The business premises of the registered person can be sealed for any violation related to their tax obligations.

This is the process the Commissioner follows when deciding to seal the business premises of a tier-1 retailer.

8.      Now, we turn to address Question 1.

Procedural Controversy

Upon a thorough review of the record, it has become evident that the tax authorities committed several procedural errors in their actions that led to the sealing of the appellant's business premises. These procedural deficiencies, which directly contravene the relevant provisions outlined above, will be examined and discussed in detail below.

i.       The record shows that the sealing proceedings were initiated by the Deputy Commissioner IR, Unit-10, Zone-II, LTO Islamabad. Not only did the Deputy Commissioner initiate the proceedings, but they also drafted the order proposing the sealing of the appellant's business premises. This order was then presented to the Additional Commissioner Inland Revenue, and further approval was sought from the Commissioner and the Chief Commissioner.

According to Rule 150ZEO (1) of the Sales Tax Rules, 2006, it is explicitly stated: "The Commissioner Inland Revenue, in whose territorial jurisdiction the business premises of a tier-1 retailer are located, may initiate proceedings for sealing the business premises based on available information..."

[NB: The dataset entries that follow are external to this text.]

lemma atom_strongly_measurable_AE_const:
  assumes atom: "is_atom M A" and fin: "emeasure M A < \<infinity>" and g: "strongly_measurable M g"
  shows "\<exists>c. AE s in M. s \<in> A \<longrightarrow> g s = c"
proof -
  have A: "A \<in> sets M" "emeasure M A > 0"
    using atom unfolding is_atom_def by auto
  obtain u where u: "\<And>n. simple_function M (u n)" "AE s in M. (\<lambda>n. u n s) \<longlonglongrightarrow> g s"
    using g unfolding strongly_measurable_iff_simple_function by blast
  obtain c where c: "\<And>n. AE s in M. s \<in> A \<longrightarrow> u n s = c n"
    using atom_simple_function_AE_const[OF atom fin u(1)] by metis
  have "AE s in M. \<forall>n. s \<in> A \<longrightarrow> u n s = c n"
    by (subst AE_all_countable) (use c in blast)
  with u(2) have ae: "AE s in M. s \<in> A \<longrightarrow> c \<longlonglongrightarrow> g s"
    by eventually_elim (auto simp: fun_eq_iff[symmetric])
  obtain s0 where "s0 \<in> A" "c \<longlonglongrightarrow> g s0"
    using AE_imp_ex_in[OF ae A] by blast
  have "AE s in M. s \<in> A \<longrightarrow> g s = g s0"
    using ae by eventually_elim (use \<open>c \<longlonglongrightarrow> g s0\<close> in \<open>auto intro: LIMSEQ_unique\<close>)
  then show ?thesis ..
qed

lemma strongly_measurable_AE_const_conull_atom:
  assumes "is_atom M A" and "emeasure M A < \<infinity>" and "AE s in M. s \<in> A"
    and "strongly_measurable M g"
  shows "\<exists>c. AE s in M. g s = c"
proof -
  obtain c where "AE s in M. s \<in> A \<longrightarrow> g s = c"
    using atom_strongly_measurable_AE_const[OF assms(1,2,4)] ..
  with assms(3) have "AE s in M. g s = c"
    by eventually_elim blast
  then show ?thesis ..
qed

section \<open>The space L1\<close>

lemma L1I:
  assumes "strongly_measurable M k" and "integrable M (\<lambda>s. norm (k s))"
  shows "k \<in> L1 M"
  using assms unfolding integrable_iff_bounded L1_def by simp

lemma L1norm_nonneg: "L1norm M k \<ge> 0"
  unfolding L1norm_def by simp

lemma L1norm_cong_AE:
  assumes "AE s in M. g s = h s"
  shows "L1norm M g = L1norm M h"
proof -
  have "AE s in M. ennreal (norm (g s)) = ennreal (norm (h s))"
    using assms by eventually_elim simp
  then have "(\<integral>\<^sup>+ s. ennreal (norm (g s)) \<partial>M) = (\<integral>\<^sup>+ s. ennreal (norm (h s)) \<partial>M)"
    by (rule nn_integral_cong_AE)
  then show ?thesis
    unfolding L1norm_def by simp
qed

lemma L1norm_indicator_const:
  assumes "A \<in> sets M" and "emeasure M A < \<infinity>"
  shows "L1norm M (\<lambda>s. indicator A s *\<^sub>R v) = measure M A * norm v"
proof -
  have "(\<integral>\<^sup>+ s. ennreal (norm (indicator A s *\<^sub>R v)) \<partial>M) = (\<integral>\<^sup>+ s. ennreal (norm v) * indicator A s \<partial>M)"
    by (intro nn_integral_cong) (simp split: split_indicator)
  also have "\<dots> = ennreal (norm v) * emeasure M A"
    using assms(1) by (rule nn_integral_cmult_indicator)
  also have "\<dots> = ennreal (measure M A * norm v)"
    using assms by (simp add: emeasure_eq_ennreal_measure less_top ennreal_mult mult.commute)
  finally show ?thesis
    unfolding L1norm_def by simp
qed

lemma L1norm_AE_const:
  assumes "AE s in M. h s = v" and "emeasure M (space M) < \<infinity>"
  shows "L1norm M h = measure M (space M) * norm v"
proof -
  have "AE s in M. h s = indicator (space M) s *\<^sub>R v"
    using assms(1) AE_space by eventually_elim simp
  then show ?thesis
    using L1norm_cong_AE L1norm_indicator_const[OF sets.top assms(2)] by metis
qed

context complete_measure
begin

lemma borel_measurable_norm_L1:
  "k \<in> L1 M \<Longrightarrow> (\<lambda>s. norm (k s)) \<in> borel_measurable M"
  unfolding L1_def by (auto intro: borel_measurable_strongly_measurable_comp continuous_norm)

lemma integrable_norm_L1: "k \<in> L1 M \<Longrightarrow> integrable M (\<lambda>s. norm (k s))"
  unfolding integrable_iff_bounded using borel_measurable_norm_L1 by (simp add: L1_def)

lemma L1norm_eq_integral: "k \<in> L1 M \<Longrightarrow> L1norm M k = (\<integral>s. norm (k s) \<partial>M)"
  unfolding L1norm_def by (simp add: nn_integral_eq_integral integrable_norm_L1)

lemma L1_add:
  assumes "g \<in> L1 M" and "h \<in> L1 M"
  shows "(\<lambda>s. g s + h s) \<in> L1 M"
proof (rule L1I)
  show sm: "strongly_measurable M (\<lambda>s. g s + h s)"
    using assms by (intro strongly_measurable_add) (auto simp: L1_def)
  show "integrable M (\<lambda>s. norm (g s + h s))"
  proof (rule Bochner_Integration.integrable_bound)
    show "integrable M (\<lambda>s. norm (g s) + norm (h s))"
      using assms by (intro Bochner_Integration.integrable_add integrable_norm_L1)
    show "(\<lambda>s. norm (g s + h s)) \<in> borel_measurable M"
      using sm by (auto intro: borel_measurable_strongly_measurable_comp continuous_norm)
  qed (simp add: norm_triangle_ineq)
qed

lemma L1_scaleR:
  assumes "k \<in> L1 M"
  shows "(\<lambda>s. c *\<^sub>R k s) \<in> L1 M"
proof (rule L1I)
  show "strongly_measurable M (\<lambda>s. c *\<^sub>R k s)"
    using assms by (intro strongly_measurable_simple_scaleR) (auto simp: L1_def)
  show "integrable M (\<lambda>s. norm (c *\<^sub>R k s))"
    using integrable_norm_L1[OF assms] by simp
qed

lemma L1_indicator_scaleR:
  assumes "k \<in> L1 M" and "A \<in> sets M"
  shows "(\<lambda>s. indicator A s *\<^sub>R k s) \<in> L1 M"
proof (rule L1I)
  show "strongly_measurable M (\<lambda>s. indicator A s *\<^sub>R k s)"
    using assms by (intro strongly_measurable_simple_scaleR) (auto simp: L1_def)
  have "integrable M (\<lambda>s. indicator A s *\<^sub>R norm (k s))"
    using assms by (intro integrable_mult_indicator integrable_norm_L1)
  then show "integrable M (\<lambda>s. norm (indicator A s *\<^sub>R k s))"
    by (simp split: split_indicator)
qed

lemma L1_indicator_const:
  assumes "A \<in> sets M" and "emeasure M A < \<infinity>"
  shows "(\<lambda>s. indicator A s *\<^sub>R v) \<in> L1 M"
proof (rule L1I)
  show "strongly_measurable M (\<lambda>s. indicator A s *\<^sub>R v)"
    using assms by (intro strongly_measurable_simple_scaleR strongly_measurable_const) auto
  have "integrable M (\<lambda>s. indicator A s * norm v)"
    using assms by simp
  then show "integrable M (\<lambda>s. norm (indicator A s *\<^sub>R v))"
    by (simp split: split_indicator)
qed

lemma L1norm_scaleR: "k \<in> L1 M \<Longrightarrow> L1norm M (\<lambda>s. c *\<^sub>R k s) = \<bar>c\<bar> * L1norm M k"
  by (simp add: L1norm_eq_integral L1_scaleR)

lemma L1norm_indicator_scaleR:
  assumes "k \<in> L1 M" and "A \<in> sets M"
  shows "L1norm M (\<lambda>s. indicator A s *\<^sub>R k s) = (LINT s:A|M. norm (k s))"
  using assms unfolding set_lebesgue_integral_def
  by (simp add: L1norm_eq_integral L1_indicator_scaleR)

lemma L1norm_split:
  assumes "k \<in> L1 M" and "A \<in> sets M"
  shows "L1norm M k = (LINT s:A|M. norm (k s)) + (LINT s:space M - A|M. norm (k s))"
proof -
  have "set_integrable M B (\<lambda>s. norm (k s))" if "B \<in> sets M" for B
    unfolding set_integrable_def using that assms(1) by (intro integrable_mult_indicator integrable_norm_L1)
  then have "(LINT s:A \<union> (space M - A)|M. norm (k s))
      = (LINT s:A|M. norm (k s)) + (LINT s:space M - A|M. norm (k s))"
    using assms(2) by (intro set_integral_Un) auto
  moreover have "A \<union> (space M - A) = space M"
    using sets.sets_into_space[OF assms(2)] by blast
  ultimately show ?thesis
    using assms(1) by (simp add: L1norm_eq_integral set_integral_space integrable_norm_L1)
qed

lemma set_integral_norm_le_L1norm:
  assumes "g \<in> L1 M" and "A \<in> sets M"
  shows "(LINT s:A|M. norm (g s)) \<le> L1norm M g"
proof -
  have "0 \<le> (LINT s:space M - A|M. norm (g s))"
    unfolding set_lebesgue_integral_def by simp
  then show ?thesis
    using L1norm_split[OF assms] by simp
qed

end

section \<open>Continuous linear functionals on L1\<close>

lemma L1_dualD:
  assumes "F \<in> L1_dual M"
  shows "g \<in> L1 M \<Longrightarrow> h \<in> L1 M \<Longrightarrow> F (\<lambda>s. g s + h s) = F g + F h"
    and "g \<in> L1 M \<Longrightarrow> F (\<lambda>s. c *\<^sub>R g s) = c * F g"
    and "\<exists>K. \<forall>g\<in>L1 M. \<bar>F g\<bar> \<le> K * L1norm M g"
  using assms unfolding L1_dual_def by blast+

The phrase "Commissioner Inland Revenue" clearly identifies the designated authority responsible for initiating the sealing process. The legislative intent is clear in assigning this significant responsibility exclusively to the Commissioner Inland Revenue, ensuring proper oversight and adherence to due process. There is no mention of the Deputy Commissioner Inland Revenue in this context. Therefore, the initiation of sealing proceedings by the Deputy Commissioner constitutes a clear procedural error, rendering the action unlawful. It is a well-established principle in administrative law that when a statute designates a specific authority for a particular action, any deviation from this mandate, without proper statutory authorization, is considered ultra vires and invalid. Furthermore, it is an immutable legal principle that any defect in the assumption or exercise of jurisdiction by the authorities is incurable. This principle is supported by precedents such as Director General Intelligence and Investigation FBR v. Sher Andaz and 20 Others (2010 SCMR 1746), Director General Intelligence and Investigation and Others v. M/s AL-Faiz Industries (Pvt.) Limited and Others (PTCL 2008 CL 337, S.C.), and Collector, Sahiwal and 2 Others v. Muhammad Akhtar (1971 SCMR 681).

ii.      Another significant flaw in the impugned action is the lack of jurisdiction on the part of the Commissioner. The record indicates that one of the appellant’s business premises, located in Scheme-3 Branch, Rawalpindi, does not fall within the territorial jurisdiction of the Commissioner, Zone-II, LTO Islamabad. Sub-rules (1) and (5) of Rule 150ZEO of the Sales Tax Rules, 2006, clearly stipulate that the Commissioner and Chief Commissioner with jurisdiction over the premises are the competent authorities to issue any sealing order. Jurisdiction is a fundamental aspect of administrative authority, and any action taken without proper jurisdiction is legally void. Therefore, this clear disregard for jurisdictional boundaries further undermines the validity of the sealing order.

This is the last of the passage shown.